Möge die Macht des Faultiers mit dir sein

Die Wahrheit ist manchmal gemein und schwer zu ertragen. Zum Beispiel, wenn ich mich dran erinnere, wie oft ich aus reiner Überforderung meine Kinder angepflaumt habe. Oder wenn ich da sitze und bedauere, dass ich in der Vergangenheit manchmal einfach keine gute Freundin war. Oder in Momenten, wenn ich bis zur Nasenspitze voll bin mit Angst vor allem Möglichen… meinen Job zu verlieren, krank zu sein, Krieg, Armut, dass meinen Kindern was passiert, kein guter Mensch zu sein, nicht genug zu tun… name it.

Und das ist nur das, was in meinem Kopf passiert. Das passiert alles während Familie, Job, Haus und Hof, Freunden, Schulkram (gerade mal wieder viel Schulkram), dem Leben meines Mannes, meiner Kinder, meiner Eltern, …

Ratatazong, möchte mein Körper gerne in Standby gehen.

… und mein Kopf einfach abschalten. Andauernde Präsenz. Immer was zu tun. Erwartungshaltung bis zum Anschlag – in erster Linie meine eigene. Kopf am rotieren.

Normalerweise habe ich mittwochs frei. Das sind eine knappe Handvoll Stunden die Woche, in denen ich ganz alleine zu Hause bin. Nur ich. Nix muss. Zeit für Reset.

Das war aber jetzt zwei Monate einfach nicht der Fall. Ich hatte zwar Urlaub, dafür die Kinder Ferien. Und ich liebe das. Mit den Kindern einfach zu sein, ohne dass was muss. Endlich mal Raum und Zeit für gemeinsam sein, herrlich! Nur tausche ich das in der Zeit gegen meine heilige Routine: Mittwochs frei von allem. Absolute Ruhe im Haus. Und das merke ich gerade. Außerdem mal ganz ehrlich, wirklich gut auf mich aufgepasst habe ich halt auch nicht in den letzten Monaten.

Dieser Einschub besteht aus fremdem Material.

lemma egrad_inner:
  assumes "f differentiable (at X)"
  shows "frechet_derivative f (at X) \<xi> = \<xi> \<bullet> egrad f X"
proof -
  obtain E where E: "\<forall>\<xi>. frechet_derivative f (at X) \<xi> = \<xi> \<bullet> E"
  proof
    have "linear (frechet_derivative f (at X))"
      using assms frechet_derivative_works has_derivative_linear by blast
    then show "\<forall>\<xi>. frechet_derivative f (at X) \<xi> = \<xi> \<bullet> adjoint (frechet_derivative f (at X)) 1"
      using adjoint_works by (metis inner_commute inner_real_def mult.right_neutral)
  qed
  have "egrad f X = E"
    unfolding egrad_def trace_transpose_mult
  proof (rule the_equality)
    fix G assume "\<forall>\<xi>. frechet_derivative f (at X) \<xi> = \<xi> \<bullet> G"
    then have "(G - E) \<bullet> (G - E) = 0" using E by (simp add: inner_diff_right)
    then show "G = E" by simp
  qed (fact E)
  then show ?thesis using E by simp
qed

context
  fixes X :: "real^'p^'n"
  assumes full_rank: "full_rank X"
begin
(* Let $G\ge 2$ and $p_t\in(0,1)$. Let $r_{t,1},\dots,r_{t,G}$ be i.i.d. $\mathrm{Bernoulli}(p_t)$, $R=\sum_j r_{t,j}$, $\hat p_t=R/G$, $\mathcal S=\{1\le R\le G-1\}$, and for a real constant $c$ let $\tilde p_t=c\,\hat p_t$. Let $\epsilon\in(0,|p_t-\hat p_t|)$. If \[ c\in\left(\frac{(p_t-\epsilon)\bigl(1-(1-p_t)^G-p_t^G\bigr)}{p_t(1-p_t^{G-1})},\ \frac{(p_t+\epsilon)\bigl(1-(1-p_t)^G-p_t^G\bigr)}{p_t(1-p_t^{G-1})}\right), \] then $\mathbb E[\tilde p_t\mid\mathcal S]\in(p_t-\epsilon,\ p_t+\epsilon)$.
   Context: Binary-reward group setting: $p_t$ is the expected reward, $\hat p_t$ the group baseline, $\tilde p_t$ the rescaled baseline, $\mathcal S$ the event that the group rewards are not all equal. *)

theory Defs
  imports "HOL-Probability.Probability"
begin

definition bern_group :: "nat \<Rightarrow> real \<Rightarrow> (nat \<Rightarrow> bool) pmf" where
  "bern_group G p = Pi_pmf {..<G} False (\<lambda>_. bernoulli_pmf p)"

definition num_correct :: "nat \<Rightarrow> (nat \<Rightarrow> bool) \<Rightarrow> nat" where
  "num_correct G \<omega> = card {j \<in> {..<G}. \<omega> j}"

definition phat :: "nat \<Rightarrow> (nat \<Rightarrow> bool) \<Rightarrow> real" where
  "phat G \<omega> = real (num_correct G \<omega>) / real G"

definition nondeg_event :: "nat \<Rightarrow> (nat \<Rightarrow> bool) set" where
  "nondeg_event G = {\<omega>. 1 \<le> num_correct G \<omega> \<and> num_correct G \<omega> \<le> G - 1}"

definition cond_exp_S :: "nat \<Rightarrow> real \<Rightarrow> ((nat \<Rightarrow> bool) \<Rightarrow> real) \<Rightarrow> real" where
  "cond_exp_S G p X =
     measure_pmf.expectation (cond_pmf (bern_group G p) (nondeg_event G)) X"

end

theory Submission
  imports Defs
begin

text \<open>The number of successes R is binomial. Its restriction to S = {1 \<le> R \<le> G - 1} has
  mass 1 - (1 - p)^G - p^G and first moment Gp - Gp^G, obtained from the full binomial mass and
  mean by removing the two extreme outcomes; hence E[R/G | S] = p(1 - p^(G-1)) / P(S). The
  conditional mean of c R/G is therefore a positive multiple of c, and the interval for c is
  exactly the preimage of (p - \<epsilon>, p + \<epsilon>).\<close>

lemma expectation_binomial_pmf:
  assumes "p \<in> {0..1}"
  shows "measure_pmf.expectation (binomial_pmf n p) real = n * p"
proof -
  define Q where "Q = Pi_pmf {..<n} False (\<lambda>_. bernoulli_pmf p)"
  have "measure_pmf.expectation (binomial_pmf n p) real
      = measure_pmf.expectation Q (\<lambda>f. \<Sum>i<n. of_bool (f i))"
    using binomial_pmf_altdef'[of "{..<n}" n p False] assms
    by (simp add: Q_def Int_def)
  also have "\<dots> = (\<Sum>i<n. measure_pmf.expectation Q (\<lambda>f. of_bool (f i)))"
    by (intro Bochner_Integration.integral_sum measure_pmf.integrable_const_bound[where B=1]) auto
  also have "\<dots> = (\<Sum>i<n. measure_pmf.expectation (map_pmf (\<lambda>f. f i) Q) of_bool)"
    by simp
  also have "\<dots> = n * p"
    using assms by (simp add: Q_def Pi_pmf_component)
  finally show ?thesis .
qed

lemma map_pmf_num_correct_bern_group:
  assumes "p \<in> {0..1}"
  shows "map_pmf (num_correct G) (bern_group G p) = binomial_pmf G p"
  using binomial_pmf_altdef'[of "{..<G}" G p False] assms
  unfolding bern_group_def num_correct_def by simp

lemma expectation_cond_pmf_finite:
  fixes f :: "'a \<Rightarrow> real"
  assumes "finite A" and "set_pmf q \<inter> A \<noteq> {}"
  shows "measure_pmf.expectation (cond_pmf q A) f
           = (\<Sum>x\<in>A. pmf q x * f x) / measure_pmf.prob q A"
  using assms
  by (subst integral_measure_pmf[where A = A])
     (auto simp: pmf_cond sum_divide_distrib intro!: sum.cong)

lemma sum_atLeastAtMost_diff_ends:
  fixes f :: "nat \<Rightarrow> 'a::ab_group_add"
  assumes "n \<ge> 1"
  shows "(\<Sum>k\<in>{1..n-1}. f k) = (\<Sum>k\<le>n. f k) - f 0 - f n"
proof -
  have "{..n} = insert 0 (insert n {1..n-1})"
    using assms by auto
  then show ?thesis
    using assms by (simp add: algebra_simps)
qed

lemma prob_binomial_pmf_interior:
  assumes "p \<in> {0..1}" and "n \<ge> 1"
  shows "measure_pmf.prob (binomial_pmf n p) {1..n-1} = 1 - (1 - p) ^ n - p ^ n"
proof -
  have "measure_pmf.prob (binomial_pmf n p) {1..n-1} = (\<Sum>k\<in>{1..n-1}. pmf (binomial_pmf n p) k)"
    by (simp add: measure_measure_pmf_finite)
  also have "\<dots> = (\<Sum>k\<le>n. pmf (binomial_pmf n p) k) - (1 - p) ^ n - p ^ n"
    using assms by (subst sum_atLeastAtMost_diff_ends) simp_all
  also have "(\<Sum>k\<le>n. pmf (binomial_pmf n p) k) = 1"
    using expectation_binomial_pmf'[OF assms(1), of n "\<lambda>_. 1::real"] assms(1) by simp
  finally show ?thesis .
qed

lemma binomial_interior_mass_pos:
  fixes p :: real
  assumes "G \<ge> 2" and "0 < p" and "p < 1"
  shows "1 - (1 - p) ^ G - p ^ G > 0"
proof -
  have "0 < measure_pmf.prob (binomial_pmf G p) {1..G-1}"
    using assms by (intro measure_pmf_posI[of 1]) auto
  also have "\<dots> = 1 - (1 - p) ^ G - p ^ G"
    using assms by (intro prob_binomial_pmf_interior) auto
  finally show ?thesis .
qed

lemma sum_binomial_pmf_interior_real:
  assumes "p \<in> {0..1}" and "n \<ge> 1"
  shows "(\<Sum>k\<in>{1..n-1}. pmf (binomial_pmf n p) k * real k) = n * p - n * p ^ n"
proof -
  have "(\<Sum>k\<le>n. pmf (binomial_pmf n p) k * real k) = n * p"
    using expectation_binomial_pmf'[OF assms(1), of n real] expectation_binomial_pmf[OF assms(1)]
      assms(1) by simp
  then show ?thesis
    using assms by (subst sum_atLeastAtMost_diff_ends) simp_all
qed

lemma cond_exp_S_num_correct:
  fixes f :: "nat \<Rightarrow> real"
  assumes "G \<ge> 2" and "0 < p" and "p < 1"
  shows "cond_exp_S G p (\<lambda>\<omega>. f (num_correct G \<omega>))
           = (\<Sum>k\<in>{1..G-1}. pmf (binomial_pmf G p) k * f k) / (1 - (1 - p) ^ G - p ^ G)"
proof -
  have p: "p \<in> {0..1}" using assms by simp
  have S: "nondeg_event G = num_correct G -` {1..G-1}"
    unfolding nondeg_event_def by auto
  have "1 \<in> set_pmf (binomial_pmf G p) \<inter> {1..G-1}"
    using assms by simp
  then have nonempty: "set_pmf (bern_group G p) \<inter> num_correct G -` {1..G-1} \<noteq> {}"
    unfolding map_pmf_num_correct_bern_group[OF p, symmetric] by auto
  have "cond_exp_S G p (\<lambda>\<omega>. f (num_correct G \<omega>))
          = measure_pmf.expectation (cond_pmf (binomial_pmf G p) {1..G-1}) f"
    unfolding cond_exp_S_def S map_pmf_num_correct_bern_group[OF p, symmetric]
      cond_map_pmf[OF nonempty] by simp
  also have "\<dots> = (\<Sum>k\<in>{1..G-1}. pmf (binomial_pmf G p) k * f k)
                      / measure_pmf.prob (binomial_pmf G p) {1..G-1}"
    using \<open>1 \<in> _\<close> by (intro expectation_cond_pmf_finite) auto
  also have "measure_pmf.prob (binomial_pmf G p) {1..G-1} = 1 - (1 - p) ^ G - p ^ G"
    using assms p by (intro prob_binomial_pmf_interior) auto
  finally show ?thesis .
qed

lemma cond_exp_S_phat:
  assumes "G \<ge> 2" and "0 < p" and "p < 1"
  shows "cond_exp_S G p (phat G) = p * (1 - p ^ (G - 1)) / (1 - (1 - p) ^ G - p ^ G)"
proof -
  have "(\<Sum>k\<in>{1..G-1}. pmf (binomial_pmf G p) k * (real k / G)) = p - p ^ G"
    using sum_binomial_pmf_interior_real[of p G] assms
    by (simp add: sum_divide_distrib[symmetric] field_simps)
  also have "\<dots> = p * (1 - p ^ (G - 1))"
    using assms by (cases G) (simp_all add: algebra_simps)
  finally show ?thesis
    using cond_exp_S_num_correct[OF assms, of "\<lambda>k. real k / G"] by (simp add: phat_def[abs_def])
qed

theorem lemma3:
  fixes G :: nat and p c \<epsilon> :: real
  assumes "G \<ge> 2" and "0 < p" and "p < 1"
    and "0 < \<epsilon>" and "\<epsilon> < \<bar>p - cond_exp_S G p (phat G)\<bar>"
    and "(p - \<epsilon>) * (1 - (1 - p) ^ G - p ^ G) / (p * (1 - p ^ (G - 1))) < c"
    and "c < (p + \<epsilon>) * (1 - (1 - p) ^ G - p ^ G) / (p * (1 - p ^ (G - 1)))"
  shows "cond_exp_S G p (\<lambda>\<omega>. c * phat G \<omega>) \<in> {p - \<epsilon> <..< p + \<epsilon>}"
proof -
  define N where "N = 1 - (1 - p) ^ G - p ^ G"
  define D where "D = p * (1 - p ^ (G - 1))"
  have "N > 0"
    unfolding N_def using binomial_interior_mass_pos assms by blast
  have "p ^ (G - 1) < 1"
    using assms by (intro power_less_one_iff[THEN iffD2]) auto
  then have "D > 0"
    unfolding D_def using assms by simp
  have "cond_exp_S G p (\<lambda>\<omega>. c * phat G \<omega>) = c * D / N"
    using cond_exp_S_phat[OF assms(1-3)] unfolding cond_exp_S_def N_def D_def by simp
  moreover have "p - \<epsilon> < c * D / N" and "c * D / N < p + \<epsilon>"
    using assms(6,7) \<open>N > 0\<close> \<open>D > 0\<close>
    unfolding N_def[symmetric] D_def[symmetric] by (simp_all add: field_simps)
  ultimately show ?thesis by simp
qed

end
lemma observation_determines_message:
  assumes g: "Fq_indep q (k * \<alpha>) (g :: nat \<Rightarrow> 'f)" and "K \<le> k * \<alpha>"
    and G: "\<forall>r<k * \<alpha>. \<forall>s<n * \<alpha>. G r s \<in> Fq q" and mds: "MDS_array n k \<alpha> G"
    and rep: "opt_repair q n k \<alpha> d \<beta> G Sdl Rec"
    and S: "S \<subseteq> {..<n}" "card S = k"
    and x: "reach n d \<alpha> \<beta> Sdl Rec (arr_enc \<alpha> k G (gab_enc q K g u)) x A"
    and x': "reach n d \<alpha> \<beta> Sdl Rec (arr_enc \<alpha> k G (gab_enc q K g u')) x' A'"
    and few_errors: "(card A + card A') * \<alpha> \<le> k * \<alpha> - K"
    and same: "\<forall>j\<in>S. \<forall>a<\<alpha>. x j a = x' j a"
  shows "\<forall>i<K. u i = u' i"
proof -
  let ?c = "gab_enc q K g u" and ?c' = "gab_enc q K g u'"
  obtain W where W: "card W \<le> card A * \<alpha>"
    "\<forall>j a. a < \<alpha> \<longrightarrow> x j a - arr_enc \<alpha> k G ?c j a \<in> Fq_span q W"
    using reach_deviation_in_Fq_span[OF rep x] by blast
  obtain W' where W': "card W' \<le> card A' * \<alpha>"
    "\<forall>j a. a < \<alpha> \<longrightarrow> x' j a - arr_enc \<alpha> k G ?c' j a \<in> Fq_span q W'"
    using reach_deviation_in_Fq_span[OF rep x'] by blast
  have "card (W \<union> W') \<le> k * \<alpha> - K"
    using card_Un_le[of W W'] W(1) W'(1) few_errors by (simp add: add_mult_distrib)
  have "arr_enc \<alpha> k G (\<lambda>r. ?c r - ?c' r) j a \<in> Fq_span q (W \<union> W')" if "j \<in> S" "a < \<alpha>" for j a
  proof -
    have "x' j a - arr_enc \<alpha> k G ?c' j a \<in> Fq_span q (W \<union> W')"
      using W'(2) that by (blast intro: Fq_span_mono[OF Un_upper2])
    moreover have "x j a - arr_enc \<alpha> k G ?c j a \<in> Fq_span q (W \<union> W')"
      using W(2) that by (blast intro: Fq_span_mono[OF Un_upper1])
    ultimately have "(x' j a - arr_enc \<alpha> k G ?c' j a) - (x j a - arr_enc \<alpha> k G ?c j a)
        \<in> Fq_span q (W \<union> W')" by (rule Fq_span_diff)
    then show ?thesis
      using same that by (simp add: arr_enc_def left_diff_distrib sum_subtractf)
  qed
  then have "\<forall>r<k * \<alpha>. ?c r - ?c' r \<in> Fq_span q (W \<union> W')"
    using MDS_array_data_in_Fq_span[OF G mds S] by blast
  moreover have "?c r - ?c' r = gab_enc q K g (\<lambda>j. u j - u' j) r" for r
    by (simp add: gab_enc_def left_diff_distrib sum_subtractf)
  ultimately have "\<forall>r<k * \<alpha>. gab_enc q K g (\<lambda>j. u j - u' j) r \<in> Fq_span q (W \<union> W')"
    by simp
  then have "\<forall>j<K. u j - u' j = 0"
    by (rule gab_enc_eq_0_if_Fq_span[OF g \<open>card (W \<union> W') \<le> _\<close> \<open>K \<le> k * \<alpha>\<close>])
  then show ?thesis by simp
qed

Heute ist Mittwoch. Ich habe ausgeschlafen – was im Moment auch an ein Wunder grenzt. Es ist Erntezeit und wir wohnen neben einem Winzer. Die Erntemaschine hat das Charisma eines Düsenjets und Erntezeit kennt keine Ruhezeit. So ist das eben. Und ich mag meine Nachbarn, und ihr Wein ist großartig.

Alles kommt, bleibt eine Weile und geht wieder.

Den ganzen unangenehmen und lauten Kram, den würde ich natürlich gerne weg haben. Genauso wie diesen verf*** Herpes im Gesicht. Ich kann gerade nicht mal Lachen ohne Schmerzen. Aber so läuft das nicht. Es ist unmöglich irgendetwas vermeiden zu wollen oder dauerhaft zu verstecken – oder ich mich vor irgendetwas dauerhaft zu verstecken. Immer auf Wolke rosarot in Stockwerk 7. Immer strahlender Sonnenschein aus dem Arsch. Idyllische Ruhe und keine Konflikte. Nope. Einfach nope. Die Zeit, in der es endlich mal ruhiger wird oder einfacher, oder … die kommt nicht. Irgendwas ist immer.

Und was bitte hat das alles jetzt mit dem Faultier zu tun?

Das Faultier ist mein Inbegriff für radikale Selbstfürsorge.

Faultiere sind gemütlich. Langsam wirkt das und es ist ungemein kraftvoll. Hast du schon mal versucht, dich supersuperlangsam zu bewegen? Oder von der ganzen Hetzjagd und dem Lärm da draußen einfach unbeeindruckt zu bleiben?

Faultiere hängen rum und schlafen bis zu 15 Stunden am Tag, dann wird gegessen. Alles Essen hängt so in Reichweite rum, wächst quasi schier in den Mund. Außerdem kuscheln sie lange mit ihren Babys. Und sie sind gerne mit sich allein. Und trotzdem schätzen sie die Zeit mit ihren Lieben sehr. Vielleicht gerade weil sie viel Zeit mit sich alleine verbringen. Das kann ich megagut verstehen. Ich bin nämlich supergerne mit mir und genauso gerne auch mit Menschen, die ich mag.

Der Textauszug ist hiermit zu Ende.